Homer’s dates have been equally disputed. Many centuries later, when Greeks tried to date him, they put him at points which equate to our dates between
c.
1200 and
c.
800
BC
. These dates were much too early, but we have come to know, as their Greek proponents could not, that the Homeric poems did refer back to even older sites and palaces with a history before 1200
BC
. They describe ancient Troy and they refer to precise places on the island of Crete: they allude to a royal world at Mycenae or Argos in Greece, the seat of King Agamemnon. The
Iliad
gives a long and detailed ‘catalogue’ of the Greek towns which sent troops to Troy; it begins around Thebes in central Greece and includes several place-names unknown in the classical world. Archaeologists have recovered the remains of big palaces at Troy (where recent excavations are enlarging our ideas of the site’s extent), on Crete and at Mycenae. Recently they have found hundreds of written tablets at Thebes too. We can date these palaces way back into a ‘Minoan’ age (
c.
2000–1200
BC
) in Crete and ‘Mycenaean’ palace-age in Greece (
c.
1450–
c.
1200
BC
). In fact, Thebes, not Mycenae, may now turn out to have been at the centre of it.
1
In this ‘Mycenaean’ age Greek was being quite widely spoken and written in a syllabic script by scribes who worked in the palaces. In this period Greeks were also travelling across to Asia, but not, as far as we know, in one major military expedition. Thanks to archaeology, we are now aware of a long-lost age of splendour, but it was not an age which Homer knew in any detail. The
Iliad
’s ‘catalogue’ is the one exception. Even so, he only had oral stories and after five hundred years they had retained none of the social realities. A few Mycenaean details about places and objects were embedded in poetic phrases which he had inherited from illiterate predecessors.
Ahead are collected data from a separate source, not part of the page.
lemma regular_normal_cone_inner_tangent_nonpos:
  fixes S :: "'a::real_inner set"
  assumes n: "n \<in> regular_normal_cone S x" and w: "w \<in> tangent_cone S x"
  shows "n \<bullet> w \<le> 0"
proof -
  have xS: "x \<in> S" using n unfolding regular_normal_cone_def by (auto split: if_splits)
  obtain t ws where t_pos: "\<And>k. 0 < t k" and t0: "t \<longlonglongrightarrow> 0" and ws: "ws \<longlonglongrightarrow> w"
    and in_S: "\<And>k. x + t k *\<^sub>R ws k \<in> S"
    using w unfolding tangent_cone_def by blast
  have steps: "(\<lambda>k. t k *\<^sub>R ws k) \<longlonglongrightarrow> 0"
    using tendsto_scaleR[OF t0 ws] by simp
  have approx: "n \<bullet> w \<le> e * norm w" if e: "e > 0" for e
  proof -
    obtain d where d: "d > 0"
      "\<And>y. y \<in> S \<Longrightarrow> norm (y - x) < d \<Longrightarrow> n \<bullet> (y - x) \<le> e * norm (y - x)"
      using n e xS unfolding regular_normal_cone_def by auto
    have "eventually (\<lambda>k. norm (t k *\<^sub>R ws k) < d) sequentially"
      using order_tendstoD(2)[OF tendsto_norm_zero[OF steps] d(1)] by simp
    then have "eventually (\<lambda>k. n \<bullet> ws k \<le> e * norm (ws k)) sequentially"
    proof eventually_elim
      case (elim k)
      then have "t k * (n \<bullet> ws k) \<le> t k * (e * norm (ws k))"
        using d(2)[OF in_S[of k]] t_pos[of k] by (simp add: mult_ac)
      then show ?case using t_pos[of k] by simp
    qed
    then show ?thesis
      by (rule tendsto_le[OF trivial_limit_sequentially, rotated 2]) (intro tendsto_intros ws)+
  qed
  show ?thesis
  proof (rule field_le_epsilon)
    fix e :: real assume e: "0 < e"
    have "n \<bullet> w \<le> e / (norm w + 1) * norm w"
      using approx[of "e / (norm w + 1)"] e by (simp add: add_nonneg_pos)
    also have "\<dots> = e * (norm w / (norm w + 1))" by simp
    also have "\<dots> \<le> e * 1" using e by (intro mult_left_mono) (auto simp: divide_le_eq_1 add_nonneg_pos)
    finally show "n \<bullet> w \<le> 0 + e" by simp
  qed
qed

lemma regular_normal_cone_subset_limiting:
  "regular_normal_cone S x \<subseteq> limiting_normal_cone S x"
proof
  fix n assume n: "n \<in> regular_normal_cone S x"
  then have "x \<in> S" unfolding regular_normal_cone_def by (auto split: if_splits)
  moreover have "\<exists>xs vs. (\<forall>k. xs k \<in> S) \<and> xs \<longlonglongrightarrow> x \<and> vs \<longlonglongrightarrow> n
      \<and> (\<forall>k. vs k \<in> regular_normal_cone S (xs k))"
    by (rule exI[of _ "\<lambda>k. x"], rule exI[of _ "\<lambda>k. n"]) (simp add: n \<open>x \<in> S\<close>)
  ultimately show "n \<in> limiting_normal_cone S x"
    unfolding limiting_normal_cone_def by simp
qed

lemma tangent_cone_mono: "S \<subseteq> T \<Longrightarrow> tangent_cone S x \<subseteq> tangent_cone T x"
  unfolding tangent_cone_def by blast

lemma tangent_cone_secant_limit:
  fixes S :: "'a::euclidean_space set"
  assumes in_S: "\<And>k. y k \<in> S" and y: "y \<longlonglongrightarrow> x" and ne: "\<And>k. y k \<noteq> x"
  obtains r l where "strict_mono r" "l \<in> tangent_cone S x"
    "(\<lambda>k. (y (r k) - x) /\<^sub>R norm (y (r k) - x)) \<longlonglongrightarrow> l"
proof -
  define z where "z k = (y k - x) /\<^sub>R norm (y k - x)" for k
  have "bounded (range z)"
    using ne by (auto simp: bounded_iff z_def)
  then obtain r l where r: "strict_mono r" and zl: "(z \<circ> r) \<longlonglongrightarrow> l"
    using bounded_imp_convergent_subsequence by blast
  have "(\<lambda>k. norm (y k - x)) \<longlonglongrightarrow> 0"
    using tendsto_norm_zero[OF LIM_zero[OF y]] .
  then have "(\<lambda>k. norm (y (r k) - x)) \<longlonglongrightarrow> 0"
    using LIMSEQ_subseq_LIMSEQ[OF _ r] by (auto simp: o_def)
  moreover have "x + norm (y (r k) - x) *\<^sub>R z (r k) = y (r k)" for k
    using ne[of "r k"] by (simp add: z_def)
  ultimately have "l \<in> tangent_cone S x"
    unfolding tangent_cone_def using ne in_S zl
    by (intro CollectI exI[of _ "\<lambda>k. norm (y (r k) - x)"] exI[of _ "z \<circ> r"]) auto
  with r zl show thesis by (intro that) (auto simp: z_def o_def)
qed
The formative years for his main heroic stories were probably
c.
1050–850
BC
, when literacy had been lost and no new Greek alphabet existed. As for the social world of his poems, it is based on an age closer to his own time (
c.
800–750
BC
): the ‘world’ of his epics is quite different from anything which the archaeology and scribal writing of the remote ‘Mycenaean’ palaces suggest.